The installation phase is reduced to:

gofiles=$(find . %{?gofindfilter} -print)
%goinstall $gofiles

%goinstall will install Go files in the correct place with default permissions and generate the corresponding devel.file-list.

You can add more flags after %{?gofindfilter}, use your own filter, apply the same pattern to a specific subdirectory.

Common pitfalls; making %goinstall process more or less

Identify any form of example, testing or integration directory and strip it from the installation list. Example and testing code frequently contains imports, that will complexify the package Go dependencies, as computed by rpm. If they can not be satisfied, they will even render the package completely uninstallable.

For example, if the packaged project includes a non-standard tutorial example directory, you should filter it with:

gofiles=$(find lib/go %{?gofindfilter} \! -ipath '*/tutorial/*'  -print)
%goinstall $gofiles

Filter those files, instead of deleting them. You will need them in %check or as %doc.

Also, make sure the project code does not need files with unusual extensions, that are ignored by the default find invocation. Such files need to be passed as parameters to %goinstall if you want a result usable by other packages.

gofiles=$(find . %{?gofindfilter} -print)
%goinstall $gofiles special/*.foo

Generating multiple Go code packages

If you wish to generate a separate list (for example when producing separate code packages), just pass the -f flag to the macro:

gosubfiles=$(find subdir1 %{?gofindfilter} -print)
%goinstall -f %{goname1}.file-list $gosubfiles

In this example %{goname1} is the name produced from the %{goipath}/subdir1 import path.

The Go language does not make any provision for splitting the files located in a single directory, among several packages.

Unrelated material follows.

(* Let $\hat V$ be the $(1+\chi)\times(1+\chi)$ upper-left block of an iMPO in regular form, and let $R_0:=\mathrm{Id}_{1+\chi}$, $\hat V_0:=\hat V$, and for $n\ge1$ let $\hat V_{n-1}=\hat Q_nR_n$ be a QR decomposition, $\hat V_n:=R_n\hat Q_n$, $L_n:=R_n\cdots R_1$ ($L_0:=\mathrm{Id}$). Then for every $n\ge0$, $$\mathrm{Id}_{1+\chi}\,(T_V)^n=L_n^\dagger L_n.$$
   Context: $\mathcal A$ is the algebra of operators on $\mathbb C^q$ with inner product $\langle\hat A,\hat B\rangle=\mathrm{Tr}[\hat A^\dagger\hat B]/\mathrm{Tr}[\hat 1]$ and orthonormal basis $\{\hat O_\alpha\}$, $\hat O_0=\hat 1$. For an operator-valued matrix $\hat V=\sum_\alpha\hat O_\alpha V_\alpha$ ($(V_\alpha)_{ab}=\langle\hat O_\alpha,\hat V_{ab}\rangle$), the transfer matrix acts on square complex matrices from the left by $XT_V=\sum_\alpha V_\alpha^\dagger XV_\alpha$. An iMPO in regular form of bond dimension $\chi$ is a $(\chi+2)\times(\chi+2)$ matrix with entries in $\mathcal A$ of block form $\begin{pmatrix}\hat 1&\hat{\mathbf c}&\hat d\\0&\hat{\mathsf A}&\hat{\mathbf b}\\0&0&\hat 1\end{pmatrix}$ whose upper-left block is $\hat V=\begin{pmatrix}\hat 1&\hat{\mathbf c}\\0&\hat{\mathsf A}\end{pmatrix}$. A QR decomposition $\hat V=\hat QR$ has $\hat Q$ operator-valued with orthonormal columns, $\sum_a\langle\hat Q_{ab},\hat Q_{ac}\rangle=\delta_{bc}$ (equivalently $\sum_\alpha Q_\alpha^\dagger Q_\alpha=\mathrm{Id}$), and $R$ a complex upper-triangular matrix. *)

theory Defs
  imports "Jordan_Normal_Form.Schur_Decomposition"
begin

Therefore, golang(…) provides must not be duplicated for the system to work. When using %goinstall multiple times, the ownership of each directory will be attributed to the first invocation, that requires creating this directory. This ownership will then be used to determine which subpackage, should be tagged with the associated golang(…) provides.

Invocation order matters
As a consequence, splitting code among multiple subpackages, requires careful thought, and testing, of %goinstall ordering. Packagers SHOULD NOT try to correct non-working ordering, by forcing dependencies or directory ownership manually.

Installing binaries

If you build some binaries in %build you also need to deploy them:

install -m 0755 -vd        %{buildroot}%{_bindir}
install -m 0755 -vp _bin/* %{buildroot}%{_bindir}/

Installing import path aliases

Symbolic links can be used to alias import paths used in previous versions of the project:

install -m 0755 -vd %{buildroot}%{gopath}/src/%(dirname %{oldgoipath})
ln -s %{gopath}/src/%{goipath} %{buildroot}%{gopath}/src/%{oldgoipath}

The whole aliasing pattern is described in the Handling renamings chapter.

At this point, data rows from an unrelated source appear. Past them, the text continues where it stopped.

(* Let $P=(X,\prec)$ be a finite twin-free interval order with no induced subposet isomorphic to $Z$. Let $\mathcal I=\{I(z)=[L(z),R(z)]:z\in X\}$ be a closed interval representation of $P$ such that (1) no interval strictly contains two other intervals, (2) no interval is strictly contained in two other intervals, (3) whenever $I(u)\subsetneq I(v)$ there are unique $x,y\in X$ with $x$ peeking into $vu$ from the left and $y$ peeking into $vu$ from the right, and moreover all peekers have been retracted, i.e. $\mathcal I$ was obtained from such a representation by, for every proper inclusion $I(u)\subsetneq I(v)$, replacing the interval of its left peeker $x$ by $[L(x),L(v)]$ and the interval of its right peeker $y$ by $[R(v),R(y)]$. For each proper inclusion $I(u)\subsetneq I(v)$, replace $I(u)$ by the open interval $(L(v),R(v))$ (leaving intervals of elements that are not inner intervals of a proper inclusion unchanged). Then the resulting set of intervals is a strict OC interval representation of $P$.
   Context: Posets are strict (irreflexive) partial orders; twins are points with exactly the same comparabilities; twin-free means no two distinct twins. A closed interval representation assigns a closed real interval $[L(x),R(x)]$ to each $x$ with $x\prec y$ iff $R(x)<L(y)$; $P$ is an interval order if one exists. $I(u)$ is strictly contained in $I(v)$ if $I(u)\subset I(v)$ and they do not have identical endpoints. For $I(u)\subsetneq I(v)$: $x$ peeks into $vu$ if $I(x)$ meets $I(v)$ but not $I(u)$; from the left if moreover $R(x)\le L(u)$; from the right if moreover $R(u)\le L(x)$. An OC interval representation assigns to each $x$ an open or closed real interval $I(x)$ with $x\prec y$ iff every point of $I(x)$ is less than every point of $I(y)$; it is strict if no interval is strictly contained in another. $Z$ is the poset on $a,b,c,d,x,y$ with $a\prec b\prec c\prec d$, $x\prec d$, $a\prec y$ (and transitive consequences), all other pairs incomparable. *)

theory Defs
  imports Main "HOL-Analysis.Analysis"
begin

definition strict_poset :: "'a set \<Rightarrow> ('a \<Rightarrow> 'a \<Rightarrow> bool) \<Rightarrow> bool" where
  "strict_poset X prec \<longleftrightarrow>
     (\<forall>x\<in>X. \<not> prec x x) \<and>
     (\<forall>x\<in>X. \<forall>y\<in>X. \<forall>z\<in>X. prec x y \<longrightarrow> prec y z \<longrightarrow> prec x z)"

definition twins :: "'a set \<Rightarrow> ('a \<Rightarrow> 'a \<Rightarrow> bool) \<Rightarrow> 'a \<Rightarrow> 'a \<Rightarrow> bool" where
  "twins X prec x y \<longleftrightarrow> (\<forall>z\<in>X. (prec z x \<longleftrightarrow> prec z y) \<and> (prec x z \<longleftrightarrow> prec y z))"

definition twin_free :: "'a set \<Rightarrow> ('a \<Rightarrow> 'a \<Rightarrow> bool) \<Rightarrow> bool" where
  "twin_free X prec \<longleftrightarrow> (\<forall>x\<in>X. \<forall>y\<in>X. x \<noteq> y \<longrightarrow> \<not> twins X prec x y)"

text \<open>The poset Z on a,b,c,d,x,y, encoded as 0,1,2,3,4,5:
  a<b<c<d, x<d, a<y, plus transitive consequences.\<close>
definition Z_less :: "nat \<Rightarrow> nat \<Rightarrow> bool" where
  "Z_less i j \<longleftrightarrow> (i, j) \<in> {(0,1),(0,2),(0,3),(1,2),(1,3),(2,3),(4,3),(0,5)}"

definition has_induced_Z :: "'a set \<Rightarrow> ('a \<Rightarrow> 'a \<Rightarrow> bool) \<Rightarrow> bool" where
  "has_induced_Z X prec \<longleftrightarrow>
     (\<exists>f. inj_on f {0..<6} \<and> f ` {0..<6} \<subseteq> X \<and>
          (\<forall>i\<in>{0..<6}. \<forall>j\<in>{0..<6}. prec (f i) (f j) \<longleftrightarrow> Z_less i j))"

definition closed_interval_rep ::
  "'a set \<Rightarrow> ('a \<Rightarrow> 'a \<Rightarrow> bool) \<Rightarrow> ('a \<Rightarrow> real) \<Rightarrow> ('a \<Rightarrow> real) \<Rightarrow> bool" where
  "closed_interval_rep X prec L R \<longleftrightarrow>
     (\<forall>x\<in>X. L x \<le> R x) \<and> (\<forall>x\<in>X. \<forall>y\<in>X. prec x y \<longleftrightarrow> R x < L y)"

definition interval_order :: "'a set \<Rightarrow> ('a \<Rightarrow> 'a \<Rightarrow> bool) \<Rightarrow> bool" where
  "interval_order X prec \<longleftrightarrow> (\<exists>L R. closed_interval_rep X prec L R)"

definition strictly_contained :: "('a \<Rightarrow> real) \<Rightarrow> ('a \<Rightarrow> real) \<Rightarrow> 'a \<Rightarrow> 'a \<Rightarrow> bool" where
  "strictly_contained L R u v \<longleftrightarrow>
     {L u..R u} \<subseteq> {L v..R v} \<and> (L u, R u) \<noteq> (L v, R v)"

definition meets :: "('a \<Rightarrow> real) \<Rightarrow> ('a \<Rightarrow> real) \<Rightarrow> 'a \<Rightarrow> 'a \<Rightarrow> bool" where
  "meets L R x v \<longleftrightarrow> {L x..R x} \<inter> {L v..R v} \<noteq> {}"

definition peeks :: "('a \<Rightarrow> real) \<Rightarrow> ('a \<Rightarrow> real) \<Rightarrow> 'a \<Rightarrow> 'a \<Rightarrow> 'a \<Rightarrow> bool" where
  "peeks L R x v u \<longleftrightarrow> strictly_contained L R u v \<and> meets L R x v \<and> \<not> meets L R x u"

definition peeks_left :: "('a \<Rightarrow> real) \<Rightarrow> ('a \<Rightarrow> real) \<Rightarrow> 'a \<Rightarrow> 'a \<Rightarrow> 'a \<Rightarrow> bool" where
  "peeks_left L R x v u \<longleftrightarrow> peeks L R x v u \<and> R x \<le> L u"

definition peeks_right :: "('a \<Rightarrow> real) \<Rightarrow> ('a \<Rightarrow> real) \<Rightarrow> 'a \<Rightarrow> 'a \<Rightarrow> 'a \<Rightarrow> bool" where
  "peeks_right L R x v u \<longleftrightarrow> peeks L R x v u \<and> R u \<le> L x"

definition cond1 :: "'a set \<Rightarrow> ('a \<Rightarrow> real) \<Rightarrow> ('a \<Rightarrow> real) \<Rightarrow> bool" where
  "cond1 X L R \<longleftrightarrow> \<not> (\<exists>v\<in>X. \<exists>u1\<in>X. \<exists>u2\<in>X. u1 \<noteq> u2 \<and>
      strictly_contained L R u1 v \<and> strictly_contained L R u2 v)"

definition cond2 :: "'a set \<Rightarrow> ('a \<Rightarrow> real) \<Rightarrow> ('a \<Rightarrow> real) \<Rightarrow> bool" where
  "cond2 X L R \<longleftrightarrow> \<not> (\<exists>u\<in>X. \<exists>v1\<in>X. \<exists>v2\<in>X. v1 \<noteq> v2 \<and>
      strictly_contained L R u v1 \<and> strictly_contained L R u v2)"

Collecting documentation files: %gocollectmd

Some projects pepper their subdirectories with .md files. Identifying those to tag them as documentation can be terribly inconvenient for packagers (see also the Go developer guidance chapter). The %gocollectmd convenience macro will walk the project subdirectories and copy those .\md files to the project root.


%check: %gochecks and %{gotest}

Usual case

The %gochecks macro will walk through all the project sub-directories containing .go files and try to execute %{gotest} there.


It is an opinionated and aggressive behavior designed to detect problems as soon as possible.

Excluding testing in specific directories

%gochecks permits excluding specific directories from tests. It's an opt-out macro, it only permits removing directories from testing.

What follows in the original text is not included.